Although China currently monopolizes rare earth mining, other countries have deposits too. China has 48 percent of the world's reserves; the United States has 13 percent. Russia, Australia, and Canada have substantial deposits as well. Until the 1980s, the United States led the world in rare earth production, thanks largely to the Mountain Pass mine."There was a time we were producing 20,000 tons a year when the market was 30,000 tons," says Smith. "So we were 60-plus percent of the world's market."

American dominance ended in the mid 1980s.
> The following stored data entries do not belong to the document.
definition J_eval_exp :: "exp \<Rightarrow> exp \<Rightarrow> exp \<Rightarrow> exp" where
  "J_eval_exp c x y = EPair (EConst 0) (EPair c (EPair x y))"
definition J_nonzero_exp :: "exp \<Rightarrow> exp \<Rightarrow> exp \<Rightarrow> exp" where
  "J_nonzero_exp c x n = EPair (EConst 1) (EPair c (EPair x n))"
definition J_code_exp :: "exp \<Rightarrow> exp" where
  "J_code_exp c = EPair (EConst 2) (EPair c (EConst 0))"
definition jcode_exp :: "exp \<Rightarrow> exp" where "jcode_exp J = EFst (ESnd J)"
definition jin_exp :: "exp \<Rightarrow> exp" where "jin_exp J = EFst (ESnd (ESnd J))"
definition jout_exp :: "exp \<Rightarrow> exp" where "jout_exp J = ESnd (ESnd (ESnd J))"
definition arg1_exp :: "exp \<Rightarrow> exp" where "arg1_exp c = EFst (ESnd c)"
definition arg2_exp :: "exp \<Rightarrow> exp" where "arg2_exp c = ESnd (ESnd c)"

lemma exp_val_judgment_exps [simp]:
  "exp_val g (J_eval_exp c x y) z = J_eval (exp_val g c z) (exp_val g x z) (exp_val g y z)"
  "exp_val g (J_nonzero_exp c x n) z = J_nonzero (exp_val g c z) (exp_val g x z) (exp_val g n z)"
  "exp_val g (J_code_exp c) z = J_code (exp_val g c z)"
  "exp_val g (jcode_exp J) z = jcode (exp_val g J z)"
  "exp_val g (jin_exp J) z = jin (exp_val g J z)"
  "exp_val g (jout_exp J) z = jout (exp_val g J z)"
  "exp_val g (arg1_exp c) z = arg1 (exp_val g c z)"
  "exp_val g (arg2_exp c) z = arg2 (exp_val g c z)"
  by (simp_all add: J_eval_exp_def J_nonzero_exp_def J_code_exp_def J_eval_def J_nonzero_def
      J_code_def jcode_exp_def jin_exp_def jout_exp_def arg1_exp_def arg2_exp_def
      jcode_def jin_def jout_def arg1_def arg2_def)

definition axiom_exp :: "exp \<Rightarrow> exp" where
  "axiom_exp J = (let x = jin_exp J in disjs_exp (
     [eq_exp J (J_eval_exp (EConst (encode Zero)) x (EConst 0)),
      eq_exp J (J_eval_exp (EConst (encode Succ)) x (ESuc x)),
      eq_exp J (J_eval_exp (EConst (encode Ident)) x x),
      eq_exp J (J_eval_exp (EConst (encode Fst)) x (EFst x)),
      eq_exp J (J_eval_exp (EConst (encode Snd)) x (ESnd x)),
      eq_exp J (J_eval_exp (EConst (encode Oracle)) x (EOracle x)),
      eq_exp J (J_nonzero_exp (jcode_exp J) x (EConst 0))]
     @ map (\<lambda>p. eq_exp J (EConst (J_code (encode p)))) basic_progs))"

lemma exp_val_axiom_exp: "exp_val g (axiom_exp J) x = of_bool (judg_axiom g (exp_val g J x))"
  unfolding axiom_exp_def judg_axiom_iff Let_def
  by (simp only: exp_val_disjs_exp set_append list.set set_map bex_simps bex_Un Un_insert_left
      Un_empty_left exp_val_connectives exp_val.simps exp_val_judgment_exps of_bool_eq_0_iff not_not)

definition rule_exp :: "exp \<Rightarrow> exp \<Rightarrow> exp \<Rightarrow> exp" where
  "rule_exp J P Q = (let c = jcode_exp J; x = jin_exp J; z = jout_exp J; y = jout_exp P;
      a1 = arg1_exp c; a2 = arg2_exp c; n = ESub (ESnd x) (EConst 1); m = ESub z (EConst 1) in
    disjs_exp [
      conjs_exp [eq_exp J (J_eval_exp (EPair (EConst 6) (EPair a1 a2)) x z),
        eq_exp P (J_eval_exp a2 x y), eq_exp Q (J_eval_exp a1 y z)],
      conjs_exp [eq_exp J (J_eval_exp (EPair (EConst 7) (EPair a1 a2)) x (EPair y (jout_exp Q))),
        eq_exp P (J_eval_exp a1 x y), eq_exp Q (J_eval_exp a2 x (jout_exp Q))],
      conjs_exp [eq_exp J (J_eval_exp (EPair (EConst 8) (EPair a1 a2)) (EPair (EFst x) (EConst 0)) z),
        eq_exp P (J_eval_exp a1 (EFst x) z), eq_exp Q (J_code_exp a2)],
      conjs_exp [eq_exp J (J_eval_exp (EPair (EConst 8) (EPair a1 a2)) (EPair (EFst x) (ESuc n)) z),
        eq_exp P (J_eval_exp (EPair (EConst 8) (EPair a1 a2)) (EPair (EFst x) n) y),
        eq_exp Q (J_eval_exp a2 (EPair (EPair (EFst x) n) y) z)],
      conjs_exp [eq_exp J (J_nonzero_exp c x (ESuc m)), eq_exp P (J_nonzero_exp c x m),
        eq_exp Q (J_eval_exp c (EPair x m) (ESuc (ESub (jout_exp Q) (EConst 1))))],
      conjs_exp [eq_exp J (J_eval_exp (EPair (EConst 9) (ESnd c)) x z),
        eq_exp P (J_nonzero_exp (ESnd c) x z), eq_exp Q (J_eval_exp (ESnd c) (EPair x z) (EConst 0))],
      conjs_exp [disjs_exp [eq_exp (EFst c) (EConst 6), eq_exp (EFst c) (EConst 7), eq_exp (EFst c) (EConst 8)],
        eq_exp J (J_code_exp (EPair (EFst c) (EPair a1 a2))),
        eq_exp P (J_code_exp a1), eq_exp Q (J_code_exp a2)],
      conjs_exp [eq_exp J (J_code_exp (EPair (EConst 9) (ESnd c))),
        eq_exp P (J_code_exp (ESnd c)), eq_exp Q (J_code_exp (ESnd c))]])"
China, which for decades had been developing the technology for separating rare earths (not easy to do because they're chemically so similar), entered the world market with a roar. With government support, cheap labor, and lax or nonexistent environmental regulations, its rare earth industries undercut all competitors. The Mountain Pass mine closed in 2002, and Baotou, a city in Inner Mongolia (an autonomous region of China), became the world's new rare earth capital. Baotou's mines hold about 80 percent of China's rare earths, says Chen Zhanheng, director of the academic department of the Chinese Society of Rare Earths in Beijing. But Baotou has paid a steep price for its supremacy. Some of the most environmentally benign and high-tech products turn out to have very dirty origins indeed.

Rare earth mines often also contain radioactive elements, such as uranium and thorium. Villagers near Baotou reportedly have been relocated because their water and crops have been contaminated with mining wastes. Every year the mines near Baotou produce about ten million tons of wastewater, much of it either highly acidic or radioactive, and nearly all of it untreated. Chen maintains that the Chinese government is making an effort to clean up the industry.